Hi Ting, You make a fair point about culture, but the impression I got is that the
welcomes were being sent to people who were not intentionally editing the arwiki, or aware
that they were doing so, which makes this a cultural thing imposed on people who were not
aware of it or expecting it, and who did not have a way to avoid it even if they had known
it might happen, which is a bit beyond local culture. For myself I am not bothered by
messages from other Wikis, even if I can't read them. I am used to it, but some people
are more paranoid than me, sometimes for good reasons. Cheers,
Peter
-----Original Message-----
From: Wikimedia-l [mailto:wikimedia-l-bounces@lists.wikimedia.org] On Behalf Of Ting Chen
Sent: 30 December 2017 11:38
To: wikimedia-l(a)lists.wikimedia.org
Subject: Re: [Wikimedia-l] Welcome messages at arwiki
Hello Amir,
I think what you are questioning is right. And it is necessary to ask such questions. In
my day job it is my duty to ask and discuss such questions with my customers.
But, with the time I sort of see that these pure utilitarian questions are not the only
questions that we need to consider. I start to ask questions that are beyond or below
(according to the perspective) these pure utilitarian questions. I find the answer Meno25
gave on Meta a very interesting one in this respect. In his answer he was not arguing
about if the welcome-bot is useful or meaningful. He said it is their custom to do so.
What he is pointing to is culture. See, why do we hug, shake hands, nod, or rub noses, or
kiss? From a pure utilitarian point of view these behaviors are not only meaningless, they
are even potentially dangerous for our health. If we just want to meet other people and
talk to them why do we not just directly talk about what we want to talk about and make it
behind us?
And this is why in my opinion it is good that every project has its own way to handle
welcome message: Because the welcome message is not only a utilitarian thing, there is
culture beyond or below it. There is culture encompassed from the societies where the
project community is embedded in and there is culture that was created and developed by
the project community.
This is why in my opinion as long as the message is not malicious how every community
handles this is their own thing.
Greetings
Ting
Am 30.12.2017 um 09:29 schrieb Amir E. Aharoni:
It's a good opportunity to step back and discuss a
little something.
The existence of pretty much every bot is a reason to think of a missing
feature in the site's software. The same goes for templates and gadgets.
Why do many wikis have custom welcome templates and bots that send them?

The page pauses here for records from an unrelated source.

lemma trig_poly_polynomial_function:
  assumes "polynomial_function q"
  shows "trig_poly (\<lambda>t. q (cis t))"
proof -
  have "real_polynomial_function (Re \<circ> q)" "real_polynomial_function (Im \<circ> q)"
    using assms bounded_linear_Re bounded_linear_Im by (auto simp: polynomial_function_def)
  then have "trig_poly (\<lambda>t. complex_of_real (Re (q (cis t))) + \<i> * complex_of_real (Im (q (cis t))))"
    by (auto intro!: trig_poly.add trig_poly_mult trig_poly_const
          dest!: trig_poly_real_polynomial_function)
  also have "(\<lambda>t. complex_of_real (Re (q (cis t))) + \<i> * complex_of_real (Im (q (cis t)))) = (\<lambda>t. q (cis t))"
    by (simp add: fun_eq_iff complex_eq_iff)
  finally show ?thesis .
qed

lemma trig_poly_finite_sum:
  assumes "trig_poly p"
  obtains F c where "finite F" "p = (\<lambda>t. \<Sum>n\<in>F. c n * cis (of_int n * t))"
  using assms
proof (induction arbitrary: thesis rule: trig_poly.induct)
  case (monomial c n)
  show ?case
    by (rule monomial.prems[of "{n}" "\<lambda>_. c"]) auto
next
  case (add p q)
  obtain F1 c1 where F1: "finite F1" "p = (\<lambda>t. \<Sum>n\<in>F1. c1 n * cis (of_int n * t))"
    using add.IH(1) by blast
  obtain F2 c2 where F2: "finite F2" "q = (\<lambda>t. \<Sum>n\<in>F2. c2 n * cis (of_int n * t))"
    using add.IH(2) by blast
  define c where "c n = (if n \<in> F1 then c1 n else 0) + (if n \<in> F2 then c2 n else 0)" for n
  have "(\<Sum>n\<in>F1 \<union> F2. c n * cis (of_int n * t))
      = (\<Sum>n\<in>F1. c1 n * cis (of_int n * t)) + (\<Sum>n\<in>F2. c2 n * cis (of_int n * t))" for t
  proof -
    have "(\<Sum>n\<in>F1 \<union> F2. c n * cis (of_int n * t))
        = (\<Sum>n\<in>F1 \<union> F2. if n \<in> F1 then c1 n * cis (of_int n * t) else 0)
          + (\<Sum>n\<in>F1 \<union> F2. if n \<in> F2 then c2 n * cis (of_int n * t) else 0)"
      unfolding sum.distrib[symmetric] by (rule sum.cong) (auto simp: c_def distrib_right)
    also have "\<dots> = (\<Sum>n\<in>F1. c1 n * cis (of_int n * t)) + (\<Sum>n\<in>F2. c2 n * cis (of_int n * t))"
      using F1(1) F2(1) by (simp add: Int_absorb1 Int_absorb2 flip: sum.inter_restrict)
    finally show ?thesis .
  qed
  then show ?case
    using F1 F2 by (intro add.prems[of "F1 \<union> F2" c]) auto
qed
text \<open>Tonelli on \<open>lborel \<Otimes>\<^sub>M lborel\<close> needs Borel measurable integrands, while members of
  \<open>L2uloc\<close> are only Lebesgue measurable; hence we pass to a Borel function equal a.e.\<close>

lemma borel_representative:
  assumes w: "w \<in> L2uloc \<phi>0"
  obtains w' where "w' \<in> borel_measurable borel" and "AE y in lebesgue. w y = w' y"
    and "\<And>m. (\<integral>\<^sup>+ y. ennreal ((\<phi>0 (y - lattice_pt m))\<^sup>2 * (w' y)\<^sup>2) \<partial>lborel)
        \<le> ennreal ((uloc_norm \<phi>0 w)\<^sup>2)"
proof -
  have "w \<in> borel_measurable lebesgue" using w unfolding L2uloc_def L2loc_def by auto
  from completion_ex_borel_measurable_real[OF this]
  obtain w' where w': "w' \<in> borel_measurable borel" and "AE y in lborel. w y = w' y"
    by auto
  then have ae: "AE y in lebesgue. w y = w' y" by (auto intro: AE_completion)
  have "(\<integral>\<^sup>+ y. ennreal ((\<phi>0 (y - lattice_pt m))\<^sup>2 * (w' y)\<^sup>2) \<partial>lborel)
      \<le> ennreal ((uloc_norm \<phi>0 w)\<^sup>2)" for m
  proof -
    have "(\<integral>\<^sup>+ y. ennreal ((\<phi>0 (y - lattice_pt m))\<^sup>2 * (w' y)\<^sup>2) \<partial>lborel)
        = (\<integral>\<^sup>+ y. ennreal ((\<phi>0 (y - lattice_pt m) * w y)\<^sup>2) \<partial>lebesgue)"
      using ae w' by (subst nn_integral_completion[symmetric])
        (auto intro!: nn_integral_cong_AE simp: power_mult_distrib)
    also have "\<dots> \<le> ennreal ((uloc_norm \<phi>0 w)\<^sup>2)"
      by (rule nn_integral_translate_square_le_uloc[OF w])
    finally show ?thesis .
  qed
  with w' ae show thesis by (rule that)
qed

lemma L2uloc_diff:
  assumes v: "v \<in> L2uloc \<phi>0" and w: "w \<in> L2uloc \<phi>0"
  shows "(\<lambda>x. v x - w x) \<in> L2uloc \<phi>0"
proof (rule L2uloc_if_lattice_bound)
  have vl: "v \<in> L2loc" and wl: "w \<in> L2loc" using v w unfolding L2uloc_def by auto
  then show "(\<lambda>x. v x - w x) \<in> L2loc" by (rule L2loc_diff)
  fix m
  let ?\<phi> = "\<lambda>x. \<phi>0 (x - lattice_pt m)"
  define Q where "Q = 2 * (uloc_norm \<phi>0 v)\<^sup>2 + 2 * (uloc_norm \<phi>0 w)\<^sup>2"
  have [measurable]: "v \<in> borel_measurable lebesgue" "w \<in> borel_measurable lebesgue"
    using vl wl unfolding L2loc_def by auto
  have "(\<integral>\<^sup>+ x. ennreal ((?\<phi> x * (v x - w x))\<^sup>2) \<partial>lebesgue)
      \<le> (\<integral>\<^sup>+ x. 2 * ennreal ((?\<phi> x * v x)\<^sup>2) + 2 * ennreal ((?\<phi> x * w x)\<^sup>2) \<partial>lebesgue)"
  proof (intro nn_integral_mono)
    fix x
    have "(?\<phi> x * (v x - w x))\<^sup>2 \<le> 2 * (?\<phi> x * v x)\<^sup>2 + 2 * (?\<phi> x * w x)\<^sup>2"
      using square_diff_le[of "?\<phi> x * v x" "?\<phi> x * w x"] by (simp add: right_diff_distrib)
    then have "ennreal ((?\<phi> x * (v x - w x))\<^sup>2) \<le> ennreal (2 * (?\<phi> x * v x)\<^sup>2 + 2 * (?\<phi> x * w x)\<^sup>2)"
      by (rule ennreal_leI)
    then show "ennreal ((?\<phi> x * (v x - w x))\<^sup>2) \<le> 2 * ennreal ((?\<phi> x * v x)\<^sup>2) + 2 * ennreal ((?\<phi> x * w x)\<^sup>2)"
      by (simp add: ennreal_plus ennreal_mult)
  qed
  also have "\<dots> = 2 * (\<integral>\<^sup>+ x. ennreal ((?\<phi> x * v x)\<^sup>2) \<partial>lebesgue) + 2 * (\<integral>\<^sup>+ x. ennreal ((?\<phi> x * w x)\<^sup>2) \<partial>lebesgue)"
    by (subst nn_integral_add) (auto simp: nn_integral_cmult)
  also have "\<dots> \<le> 2 * ennreal ((uloc_norm \<phi>0 v)\<^sup>2) + 2 * ennreal ((uloc_norm \<phi>0 w)\<^sup>2)"
    using nn_integral_translate_square_le_uloc[OF v] nn_integral_translate_square_le_uloc[OF w]
    by (intro add_mono mult_left_mono) auto
  also have "\<dots> = ennreal Q" unfolding Q_def by (simp add: ennreal_plus ennreal_mult)
  finally show "l2norm (\<lambda>x. ?\<phi> x * (v x - w x)) \<le> sqrt Q"
    by (intro l2norm_le_sqrt) (auto simp: Q_def)
qed

lemma L2loc_if_translate_bounds:
  assumes [measurable]: "F \<in> borel_measurable lebesgue"
    and fin: "\<And>m. (\<integral>\<^sup>+ x. ennreal ((\<phi>0 (x - lattice_pt m) * F x)\<^sup>2) \<partial>lebesgue) < \<infinity>"
  shows "F \<in> L2loc"
  unfolding L2loc_def
proof (intro CollectI conjI allI impI)
  fix K :: "(real^2) set" assume K: "compact K"
  then obtain R where R: "\<forall>x\<in>K. norm x \<le> R" using compact_imp_bounded bounded_iff by blast
  define N :: int where "N = \<lceil>R\<rceil> + 1"
  define cells where "cells = {-N..N} \<times> {-N..N}"
  have "finite cells" unfolding cells_def by simp
  have Km: "K \<in> sets lebesgue"
    using K by (intro sets_completionI_sets) (simp add: compact_imp_closed borel_closed)
  have cover: "ennreal (norm (indicator K x *\<^sub>R (F x)\<^sup>2))
      \<le> (\<Sum>m\<in>cells. ennreal ((\<phi>0 (x - lattice_pt m) * F x)\<^sup>2))" for x
  proof (cases "x \<in> K")
    case True
    have "\<bar>x$1\<bar> \<le> R" "\<bar>x$2\<bar> \<le> R"
      using R True component_le_norm_cart[of x 1] component_le_norm_cart[of x 2] by force+
    then have "lattice_floor x \<in> cells" unfolding lattice_floor_def cells_def N_def by (auto, linarith+)
    then have "ennreal ((\<phi>0 (x - lattice_pt (lattice_floor x)) * F x)\<^sup>2)
        \<le> (\<Sum>m\<in>cells. ennreal ((\<phi>0 (x - lattice_pt m) * F x)\<^sup>2))"
      using \<open>finite cells\<close> by (intro member_le_sum) auto
    then show ?thesis using True by (simp add: eq_1_at_lattice_floor)
  qed simp
  have "(\<integral>\<^sup>+ x. ennreal (norm (indicator K x *\<^sub>R (F x)\<^sup>2)) \<partial>lebesgue)
      \<le> (\<integral>\<^sup>+ x. (\<Sum>m\<in>cells. ennreal ((\<phi>0 (x - lattice_pt m) * F x)\<^sup>2)) \<partial>lebesgue)"
    by (intro nn_integral_mono cover)
  also have "\<dots> = (\<Sum>m\<in>cells. (\<integral>\<^sup>+ x. ennreal ((\<phi>0 (x - lattice_pt m) * F x)\<^sup>2) \<partial>lebesgue))"
    by (intro nn_integral_sum) measurable
  also have "\<dots> < \<infinity>" using fin \<open>finite cells\<close> by (simp add: ennreal_sum_less_top)
  finally show "set_integrable lebesgue K (\<lambda>x. (F x)\<^sup>2)"
    unfolding set_integrable_def using Km by (intro integrableI_bounded) auto
qed (fact assms(1))

lemma decay_le_lattice_sum:
  assumes "0 < s"
  shows "ennreal ((u y)\<^sup>2 * (2 + norm (y - lattice_pt j)) powr (-2-s))
    \<le> (\<integral>\<^sup>+ m. ennreal (lattice_weight (1 + s/2) (fst m - fst j, snd m - snd j)
           * ((\<phi>0 (y - lattice_pt m))\<^sup>2 * (u y)\<^sup>2)) \<partial>count_space UNIV)"
    (is "_ \<le> (\<integral>\<^sup>+ m. ?F m \<partial>count_space UNIV)")
proof -
  have "ennreal ((u y)\<^sup>2 * (2 + norm (y - lattice_pt j)) powr (-2-s)) \<le> ?F (lattice_floor y)"
    using decay_le_lattice_weight[OF assms, of y j]
    by (intro ennreal_leI) (simp add: eq_1_at_lattice_floor mult_left_mono mult.commute)
  also have "\<dots> \<le> (\<integral>\<^sup>+ m. ?F m \<partial>count_space UNIV)" by (rule nn_integral_ge_point) simp
  finally show ?thesis .
qed

lemma nn_integral_decay_le_uloc:
  fixes u :: "real^2 \<Rightarrow> real"
  assumes s: "0 < s" and [measurable]: "u \<in> borel_measurable borel"
    and U: "\<And>m. (\<integral>\<^sup>+ y. ennreal ((\<phi>0 (y - lattice_pt m))\<^sup>2 * (u y)\<^sup>2) \<partial>lborel) \<le> Usq"
  shows "(\<integral>\<^sup>+ y. ennreal ((u y)\<^sup>2 * (2 + norm (y - lattice_pt j)) powr (-2-s)) \<partial>lborel)
         \<le> Usq * (\<integral>\<^sup>+ m. ennreal (lattice_weight (1 + s/2) m) \<partial>count_space UNIV)"
proof -
  define \<rho> where "\<rho> m = lattice_weight (1 + s/2) (fst m - fst j, snd m - snd j)" for m
  define F where "F m y = ennreal (\<rho> m * ((\<phi>0 (y - lattice_pt m))\<^sup>2 * (u y)\<^sup>2))"
    for m :: "int \<times> int" and y :: "real^2"
  have \<rho>: "0 \<le> \<rho> m" for m by (simp add: \<rho>_def lattice_weight_def)
  have "pair_sigma_finite (count_space (UNIV::(int \<times> int) set)) (lborel :: (real^2) measure)"
    by (intro pair_sigma_finite.intro sigma_finite_measure_count_space lborel.sigma_finite_measure_axioms)
  moreover have "(\<lambda>(m, y). F m y) \<in> borel_measurable (count_space UNIV \<Otimes>\<^sub>M lborel)"
    by (rule measurable_pair_measure_countable1) (auto simp: F_def)
  ultimately have Fubini: "(\<integral>\<^sup>+ y. (\<integral>\<^sup>+ m. F m y \<partial>count_space UNIV) \<partial>lborel)
      = (\<integral>\<^sup>+ m. (\<integral>\<^sup>+ y. F m y \<partial>lborel) \<partial>count_space UNIV)"
    by (rule pair_sigma_finite.Fubini')
  have "(\<integral>\<^sup>+ y. ennreal ((u y)\<^sup>2 * (2 + norm (y - lattice_pt j)) powr (-2-s)) \<partial>lborel)
      \<le> (\<integral>\<^sup>+ m. (\<integral>\<^sup>+ y. F m y \<partial>lborel) \<partial>count_space UNIV)"
    unfolding Fubini[symmetric] by (intro nn_integral_mono) (unfold F_def \<rho>_def, rule decay_le_lattice_sum[OF s])
  also have "\<dots> \<le> (\<integral>\<^sup>+ m. ennreal (\<rho> m) * Usq \<partial>count_space UNIV)"
  proof (intro nn_integral_mono)
    fix m
    have "(\<integral>\<^sup>+ y. F m y \<partial>lborel)
        = ennreal (\<rho> m) * (\<integral>\<^sup>+ y. ennreal ((\<phi>0 (y - lattice_pt m))\<^sup>2 * (u y)\<^sup>2) \<partial>lborel)"
      unfolding F_def using \<rho> by (simp add: ennreal_mult nn_integral_cmult)
    also have "\<dots> \<le> ennreal (\<rho> m) * Usq" by (intro mult_left_mono U) simp
    finally show "(\<integral>\<^sup>+ y. F m y \<partial>lborel) \<le> ennreal (\<rho> m) * Usq" .
  qed
  also have "\<dots> = (\<integral>\<^sup>+ m. ennreal (\<rho> m) \<partial>count_space UNIV) * Usq"
    by (simp add: nn_integral_multc)
  also have "\<dots> = Usq * (\<integral>\<^sup>+ m. ennreal (lattice_weight (1 + s/2) m) \<partial>count_space UNIV)"
    unfolding \<rho>_def nn_integral_lattice_weight_shift by (simp add: mult.commute)
  finally show ?thesis .
qed

end

section \<open>The commutator on uniformly local \<open>L\<^sup>2\<close>\<close>

locale commutator = cutoff +
  fixes s :: real
  assumes s_pos: "0 < s" and s_lt_1: "s < 1"
begin

abbreviation comm :: "real^2 \<Rightarrow> (real^2 \<Rightarrow> real) \<Rightarrow> real^2 \<Rightarrow> real" where
  "comm k \<equiv> Tcomm s (\<lambda>x. \<phi>0 (x - k))"

definition local_const :: ennreal where
  "local_const = kernel_mass B s * cball_decay_const B s
     * (\<integral>\<^sup>+ m. ennreal (lattice_weight (1 + s/2) m) \<partial>count_space UNIV)"

lemma local_const_finite: "local_const < \<infinity>"
  using kernel_mass_finite[OF lipschitz_nonneg s_pos s_lt_1]
    nn_integral_lattice_weight_finite[of "1 + s/2"] s_pos
  unfolding local_const_def cball_decay_const_def by (simp add: ennreal_mult_less_top)

definition op_const :: real where
  "op_const = \<bar>frac_const s\<bar> * sqrt (enn2real local_const)"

The intuitive answer is "to send a personal message to a new user", but if
it's done by a bot, it's already not personal. What does the bot actually
automate? The placement of a template? But what is the actual purpose of
the template?
Is it to say "hello and welcome"? The notifications feature already does it
nicely.
To send people a list of useful links? I heard many times that new users
actually do find them useful, and it's a good thing. But it's nevertheless
an anecdotal claim, and smarter questions should be asked:
* How many people actually read these messages?
* Are all the links useful? Do people actually click them?
* Could some be removed? Could some be added?
* Why is it different in every project? Could at least some parts be reused
across languages in a robust and properly localizable manner?
* Is the talk page really a good place to do this?
* How useful is it for people for people who come from another language and
have an account auto-created?
And so on.
Welcome templates have been a part of our sites for well over a decade, but
it's never too late to ask fundamental question about what purpose do they
serve, and how could this purpose be served better.
Happy New Year :)
בתאריך 29 בדצמ׳ 2017 11:21, "John Erling Blad" <jeblad(a)gmail.com> כתב:
Users on other projects are complaining about the
welcome messages at
arwiki. A bot at that project are welcoming people that has no activity at
that project at all. The bot operator claims the activity is valid, but I
can't see that this is a well-behaving bot at all.[1]
I suspect the bot is welcoming every user it can find, but using user
accounts from central login and not users that has local contributions at
arwiki.
Can someone shut down the bot until the user fix the spam problem.